Ultimately, the transformative power lies in how modern AI architectures aren’t just advancing the technical integration of diverse clinical data—they’re also empowering clinicians and patients by translating that knowledge into accessible, trustworthy insights. This dual progress promises to democratize cardiovascular care and improve global outcomes. However, these breakthroughs—from multimodal integration to foundation models—depend on one critical factor: access to large, diverse, and representative clinical datasets. In medicine, data is often constrained by privacy regulations, institutional barriers, and national laws. That’s where federated learning comes in.

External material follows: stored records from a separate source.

lemma RevL1_subset_if_two_valued:
  assumes "\<And>x::'k::comm_semiring_1. x \<noteq> 0 \<Longrightarrow> x = 1"
    and "\<And>x::'m::comm_semiring_1. x \<noteq> 0 \<Longrightarrow> x = 1"
  shows "(RevL1 TYPE('k) :: 'a list set set) \<subseteq> RevL1 TYPE('m)"
proof
  fix L :: "'a list set" assume "L \<in> RevL1 TYPE('k)"
  then obtain Q :: "nat set" and \<sigma> :: "nat \<Rightarrow> 'a \<Rightarrow> nat \<Rightarrow> 'k" and \<iota> \<tau>
    where L: "L = supp (behaviour Q \<sigma> \<iota> \<tau>)" and aut: "weighted_automaton Q \<sigma> \<iota> \<tau>"
      and rev: "reversible \<sigma>" and init: "one_initial \<iota>"
    unfolding RevL1_def by blast
  define \<sigma>' where "\<sigma>' = (\<lambda>p a q. of_bool (\<sigma> p a q \<noteq> 0) :: 'm)"
  define \<iota>' where "\<iota>' = (\<lambda>q. of_bool (\<iota> q \<noteq> 0) :: 'm)"
  define \<tau>' where "\<tau>' = (\<lambda>q. of_bool (\<tau> q \<noteq> 0) :: 'm)"
  note invariants = \<sigma>'_def \<iota>'_def \<tau>'_def of_bool_nonzero_weights
  have "finite Q" using aut by (simp add: weighted_automaton_def)
  have L_accepted: "L = accepted_language Q \<sigma> \<iota> \<tau>"
    using L behaviour_two_valued_eq_char_series[OF assms(1) \<open>finite Q\<close> rev init] by simp
  have aut': "weighted_automaton Q \<sigma>' \<iota>' \<tau>'" and rev': "reversible \<sigma>'" and init': "one_initial \<iota>'"
    using aut rev init by (simp_all add: invariants)
  have "accepted_language Q \<sigma> \<iota> \<tau> = supp (behaviour Q \<sigma>' \<iota>' \<tau>')"
    using behaviour_two_valued_eq_char_series[OF assms(2) \<open>finite Q\<close> rev' init'] by (simp add: invariants)
  then show "L \<in> RevL1 TYPE('m)"
    using L_accepted supp_behaviour_in_RevL1[OF aut' rev' init'] by simp
qed

lemma boolsr_nonzero_eq_one: "x \<noteq> 0 \<Longrightarrow> x = (1::boolsr)"
  by transfer simp

theorem proposition4:
  fixes Q :: "'q set" and \<sigma> :: "'q \<Rightarrow> 'a::finite \<Rightarrow> 'q \<Rightarrow> bit"
    and \<iota> \<tau> :: "'q \<Rightarrow> bit"
  assumes "weighted_automaton Q \<sigma> \<iota> \<tau>" and "reversible \<sigma>" and "one_initial \<iota>"
  shows "(\<exists>L \<in> RevL1 TYPE(boolsr). behaviour Q \<sigma> \<iota> \<tau> = char_series L)
    \<and> (RevL1 TYPE(bit) :: 'a list set set) = RevL1 TYPE(boolsr)"
proof
  have bit_nonzero_eq_one: "x \<noteq> 0 \<Longrightarrow> x = (1::bit)" for x
    by simp
  show RevL1_eq: "(RevL1 TYPE(bit) :: 'a list set set) = RevL1 TYPE(boolsr)"
    using RevL1_subset_if_two_valued[OF bit_nonzero_eq_one boolsr_nonzero_eq_one]
      RevL1_subset_if_two_valued[OF boolsr_nonzero_eq_one bit_nonzero_eq_one]
    by (rule subset_antisym)
  have "finite Q" using assms(1) by (simp add: weighted_automaton_def)
  define L where "L = accepted_language Q \<sigma> \<iota> \<tau>"
  have behaviour_eq: "behaviour Q \<sigma> \<iota> \<tau> = char_series L"
    unfolding L_def by (rule behaviour_two_valued_eq_char_series) (simp_all add: \<open>finite Q\<close> assms)
  have "L \<in> RevL1 TYPE(boolsr)"
    using supp_behaviour_in_RevL1[OF assms] RevL1_eq by (simp add: behaviour_eq)
  with behaviour_eq show "\<exists>L \<in> RevL1 TYPE(boolsr). behaviour Q \<sigma> \<iota> \<tau> = char_series L" by blast
qed

end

Federated learning has been central to your work. How would you explain what it is, and what potential does it have in an international setting?

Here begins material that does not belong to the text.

(* Let $q:\mathbb{R}^2\to\mathbb{C}^N$ be smooth, let $n\ge1$, and for $j=1,\dots,n$ let $\Phi_j$ be a solution of the Lax pair at $\lambda=\lambda_j$, where $\lambda_j\neq\overline{\lambda_i}$ whenever $i\neq j$. Let $\Phi$ be a solution at $\lambda$ with $\lambda\notin\{\overline{\lambda_1},\dots,\overline{\lambda_n}\}$. Define the $n\times n$ matrix $M=(M_{ij})$ by $M_{ij}=\dfrac{\Phi_i^{\dagger}\Lambda\Phi_j}{\mathrm{i}(\lambda_j-\overline{\lambda_i})}$ for $i\neq j$ and for $i=j$ with $\lambda_i\notin\mathbb{R}$; for $i$ with $\lambda_i\in\mathbb{R}$ assume $\Phi_i^{\dagger}\Lambda\Phi_i\equiv0$ and let $M_{ii}$ be a real-valued smooth function with $dM_{ii}=\omega(\Phi_i,\Phi_i)$. Assume $M$ is invertible everywhere. Let $Y=(\Phi_1,\dots,\Phi_n)$ be the $(N+1)\times n$ matrix with columns $\Phi_j$ and let $\Omega$ be the column vector with entries $\Omega_i=\dfrac{\Phi_i^{\dagger}\Lambda\Phi}{\mathrm{i}(\lambda-\overline{\lambda_i})}$. Set $$\Phi[n]=\Phi-YM^{-1}\Omega,\qquad Q[n]=Q-\mathrm{i}\big[\sigma_3,\;YM^{-1}Y^{\dagger}\Lambda\big].$$ Then $\Phi[n]_x=(\mathrm{i}\lambda\sigma_3+\mathrm{i}Q[n])\Phi[n]$ and $\Phi[n]_t=\big(\mathrm{i}\lambda^2\sigma_3+\mathrm{i}\lambda Q[n]-\tfrac12(\mathrm{i}\sigma_3Q[n]^2-\sigma_3Q[n]_x)\big)\Phi[n]$.
   Context: Fix integers $N\ge1$ and $0\le k\le N$, and let $S=\mathrm{diag}(s_1,\dots,s_N)$ with $s_l=1$ for $l\le k$ and $s_l=-1$ for $l>k$. The $N$-component NLS equation is $\mathrm{i}\mathbf q_t+\tfrac12\mathbf q_{xx}-\mathbf q\,(\mathbf q^{\dagger}S\mathbf q)=0$ for $\mathbf q=(q_1,\dots,q_N)^T:\mathbb{R}^2\to\mathbb{C}^N$ (here ${}^\dagger$ is conjugate transpose). Its Lax pair is $\Phi_x=(\mathrm{i}\lambda\sigma_3+\mathrm{i}Q)\Phi$, $\Phi_t=\big(\mathrm{i}\lambda^2\sigma_3+\mathrm{i}\lambda Q-\tfrac12(\mathrm{i}\sigma_3Q^2-\sigma_3Q_x)\big)\Phi$, for $\Phi:\mathbb{R}^2\to\mathbb{C}^{N+1}$ and spectral parameter $\lambda\in\mathbb{C}$, where $Q=\begin{pmatrix}0&-\mathbf q^{\dagger}S\\ \mathbf q&0_{N\times N}\end{pmatrix}$ and $\sigma_3=\mathrm{diag}(1,-I_N)$. A "solution at $\lambda$" is a smooth $\Phi$ satisfying both equations with that value of $\lambda$. Let $\Lambda=\mathrm{diag}(1,-s_1,\dots,-s_N)$ (i.e. $1$, then $-1$ repeated $k$ times, then $1$ repeated $N-k$ times). For a solution $\Phi_1$ at $\lambda_1$ and a solution $\Phi$ at $\lambda$, $\omega(\Phi_1,\Phi)$ denotes the $1$-form $\Phi_1^{\dagger}\Lambda\sigma_3\Phi\,dx+[(\lambda+\overline{\lambda_1})\Phi_1^{\dagger}\Lambda\sigma_3\Phi+\Phi_1^{\dagger}\Lambda Q\Phi]\,dt$. $[A,B]=AB-BA$. *)

theory Defs
  imports "HOL-Analysis.Derivative" "Jordan_Normal_Form.Gauss_Jordan_Elimination"
begin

Federated learning is a technique that allows AI models to be trained across multiple hospitals without sharing any sensitive patient data. Rather than transferring all data to a central location, the AI model travels to each institution, learns from the local data, and only sends back the learned patterns—never the raw data itself. These updates are combined to build a more accurate, robust model, while patient privacy remains fully protected.

This method holds great potential for international collaboration in healthcare. By keeping data within each country’s or hospital’s control, federated learning respects privacy laws like the European GDPR, and overcomes legal and technical barriers to data sharing. It enables researchers and clinicians across borders to work together on training AI systems, improving model accuracy and generalizability without compromising data security.
For instance, in our work with eight hospitals at the German Centre for Cardiovascular Research (DZHK), we successfully integrated diverse, partially annotated data across sites and pushed transformer AI models to function effectively in this complex setting. Looking ahead, scaling federated learning internationally could
revolutionize how clinical AI is developed and deployed worldwide, offering safer, more inclusive, and more effective healthcare solutions.
If you had to explain in one sentence—to someone completely outside your field—what makes your work impactful, what would you say?
I would say that my group at Heidelberg University Hospital develops novel AI approaches that “listen” to the heart in ways doctors can’t, and then help explain what it hears to the people who need to understand it most. I basically work at the intersection of AI, medicine, and law to ensure that data access can be provided safely, fairly, and meaningfully across borders to gain life-saving insights.